CHI LASCIA LA VECCHIA STRADA PER LA NUOVA… - sa quel che lascia e non quel che trova, dice il proverbio. Se lo sforzo e la fatica di lasciare il nostro caldo e confortevole nido ci appare come uno sforzo eccessivo, se immaginiamo di avere l’ansia per compagna quotidiana e questo ci sembra uno scotto insopportabile da pagare, non occorre atteggiarci super-eroi a tutti i costi. Anche ai margini della nostra comfort zone esistono dei piccoli spazi che possiamo gestire tutti i giorni, conquistando e ampliando la nostra area sicura poco per volta. Perché lo scopo è proprio questo: ingrandire la zona in cui ci sentiamo sereni a piccoli passi, spostando il nostro limite un po’ più in là ogni giorno, senza fare un solo grande balzo. In questo modo ci sentiremo a nostro agio in un numero sempre maggiore di situazioni e diventeremo capaci di padroneggiarle con sicurezza.
UN VENTAGLIO DI NUOVE POSSIBILITÀ – Abbandonare, sia pure con le dovute cautele, la nostra zona di sicurezza, significa innanzi tutto scoprire che intorno a noi esistono molte più soluzioni e possibilità di quanto non avremmo immaginato. Restare appiattiti sulle nostre consuetudini, alla lunga, ci spinge invece a essere più compiacenti con il nostro rendimento e ad accontentarci di quello che già possiamo fare: quando abbiamo scoperto che una soluzione funziona, preferiamo ripeterla ancora e ancora, piuttosto che prenderci il rischio di aprire una strada nuova che non sappiamo dove porterà. Occorre dire che questa naturale “pigrizia” ha radici profonde e addirittura ancestrali: il nostro cervello in condoni di stress consuma molta più energia di quanto non accada in uno stato di riposo: l’evoluzione ha insegnato a risparmiare risorse quando questo è possibile e quindi ci spinge a ripetere uno schema collaudato piuttosto che inventarne sempre uno nuovo.

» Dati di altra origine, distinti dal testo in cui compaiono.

(* There exists a one-sided non-adaptive tester for $k$-monotonicity of functions $f\colon[n]\to\{0,1\}$ with query complexity $q(n,\varepsilon,k)=O(k/\varepsilon)$.
   Context: $[n]=\{1,\dots,n\}$ with its usual order. A function $f\colon[n]\to\{0,1\}$ is $k$-monotone if there do not exist $x_1\leq\cdots\leq x_{k+1}$ with $f(x_1)=1$ and $f(x_i)\neq f(x_{i+1})$ for all $i\in[k]$. Distance is normalized Hamming distance. A tester, given $\varepsilon$ and query access to $f$, accepts $k$-monotone $f$ with probability at least $2/3$ and rejects $f$ that is $\varepsilon$-far (distance at least $\varepsilon$) from every $k$-monotone function with probability at least $2/3$; one-sided means $k$-monotone functions are accepted with probability $1$; non-adaptive means queries do not depend on previous answers. *)

theory Defs
  imports "HOL-Probability.Probability"
begin

text \<open>Functions f : [n] -> {0,1} are modelled as f :: nat => bool (True = 1);
  only the values on {1..n} are relevant.\<close>

definition k_monotone :: "nat \<Rightarrow> nat \<Rightarrow> (nat \<Rightarrow> bool) \<Rightarrow> bool" where
  "k_monotone n k f \<longleftrightarrow>
     \<not> (\<exists>x :: nat \<Rightarrow> nat.
          (\<forall>i\<in>{1..k+1}. x i \<in> {1..n}) \<and>
          (\<forall>i\<in>{1..k}. x i \<le> x (Suc i)) \<and>
          f (x 1) \<and>
          (\<forall>i\<in>{1..k}. f (x i) \<noteq> f (x (Suc i))))"

definition ham_dist :: "nat \<Rightarrow> (nat \<Rightarrow> bool) \<Rightarrow> (nat \<Rightarrow> bool) \<Rightarrow> real" where
  "ham_dist n f g = real (card {x\<in>{1..n}. f x \<noteq> g x}) / real n"

definition far_from_k_monotone :: "nat \<Rightarrow> nat \<Rightarrow> real \<Rightarrow> (nat \<Rightarrow> bool) \<Rightarrow> bool" where
  "far_from_k_monotone n k \<epsilon> f \<longleftrightarrow> (\<forall>g. k_monotone n k g \<longrightarrow> ham_dist n f g \<ge> \<epsilon>)"

text \<open>A non-adaptive randomized tester: a probability distribution over pairs (Q, D),
  where Q is the list of query points (chosen before any answer is seen) and
  D decides accept (True) / reject from the list of answers map f Q.\<close>
type_synonym tester = "(nat list \<times> (bool list \<Rightarrow> bool)) pmf"

definition accept_prob :: "tester \<Rightarrow> (nat \<Rightarrow> bool) \<Rightarrow> real" where
  "accept_prob T f = measure_pmf.prob T {(Q, D). D (map f Q)}"

definition one_sided_nonadaptive_tester ::
  "nat \<Rightarrow> nat \<Rightarrow> real \<Rightarrow> real \<Rightarrow> tester \<Rightarrow> bool" where
  "one_sided_nonadaptive_tester n k \<epsilon> q T \<longleftrightarrow>
     (\<forall>(Q, D)\<in>set_pmf T. set Q \<subseteq> {1..n} \<and> real (length Q) \<le> q) \<and>
     (\<forall>f. k_monotone n k f \<longrightarrow> accept_prob T f = 1) \<and>
     (\<forall>f. far_from_k_monotone n k \<epsilon> f \<longrightarrow> 1 - accept_prob T f \<ge> 2/3)"

end

theory Submission
  imports Defs
begin

text \<open>Cut [n] into consecutive blocks of length L, about \<open>\<epsilon>n/(9k)\<close>, pick two uniform points
  \<open>x\<^sub>i, y\<^sub>i\<close> in every block and accept iff some k-monotone function agrees with f on them;
  this uses \<open>O(k/\<epsilon>)\<close> queries and never rejects a k-monotone f.
  If a sample is accepted, f is non-constant on at most k of the pairs, and since rounding every
  point to the \<open>x\<^sub>i\<close> of its block is monotone, f differs from its rounding in at least \<open>\<epsilon>n\<close>
  points when f is \<open>\<epsilon>\<close>-far. The potential \<open>q^(#disagreements) \<cdot> 2^-(#non-constant pairs)\<close> with
  \<open>q = 1 + 1/(4L)\<close> has expectation at most 1 on every block, hence on the whole sample, but is
  at least 3 on every accepted sample; so a far f is accepted with probability at most 1/3.\<close>

subsection \<open>Blocks\<close>

definition block :: "nat \<Rightarrow> nat \<Rightarrow> nat \<Rightarrow> nat set" where
  "block n L i = {x\<in>{1..n}. (x - 1) div L = i}"

definition num_blocks :: "nat \<Rightarrow> nat \<Rightarrow> nat" where
  "num_blocks n L = (n - 1) div L + 1"

lemma block_subset: "block n L i \<subseteq> {1..n}"
  by (auto simp: block_def)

COME ABBANDONARE LA COMFORT ZONE (SENZA SOFFRIRE TROPPO) – Insomma, uscire dal nostro bozzolo confortevole, a meno che la cosa non ci procuri stress eccessivo, può essere utile e persino doveroso, almeno di tanto in tanto. Per farcela, anche se dentro di noi odiamo i cambiamenti, possiamo procedere così:
- un passo alla volta: accettiamo piccoli cambiamenti come provare un itinerario nuovo per andare al lavoro, un ristorante diverso o una lezione di prova in uno sport o in un’attività hobbistica;
- procediamo per gradi: senza improvvisarci super-eroi: non ci costringe nessuno, le motivazioni sono solo nostre;
- prendiamoci il tempo per ragionare: istintivamente seguiremmo sempre la solita strada, ma pensandoci su potremmo scoprire tanti buoni motivi per cambiare;
- meglio in compagnia: il fatto di affrontare una novità potenzialmente stressante con un amico o un compagno può rendere più accettabile il margine di rischio che ci crea ansia;
- guardiamo dentro di noi: prendiamo atto delle “astuzie” che cerchiamo di mettere in atto per sottrarci al cambiamento. Alla fine, ne guadagnerà anche la nostra autostima.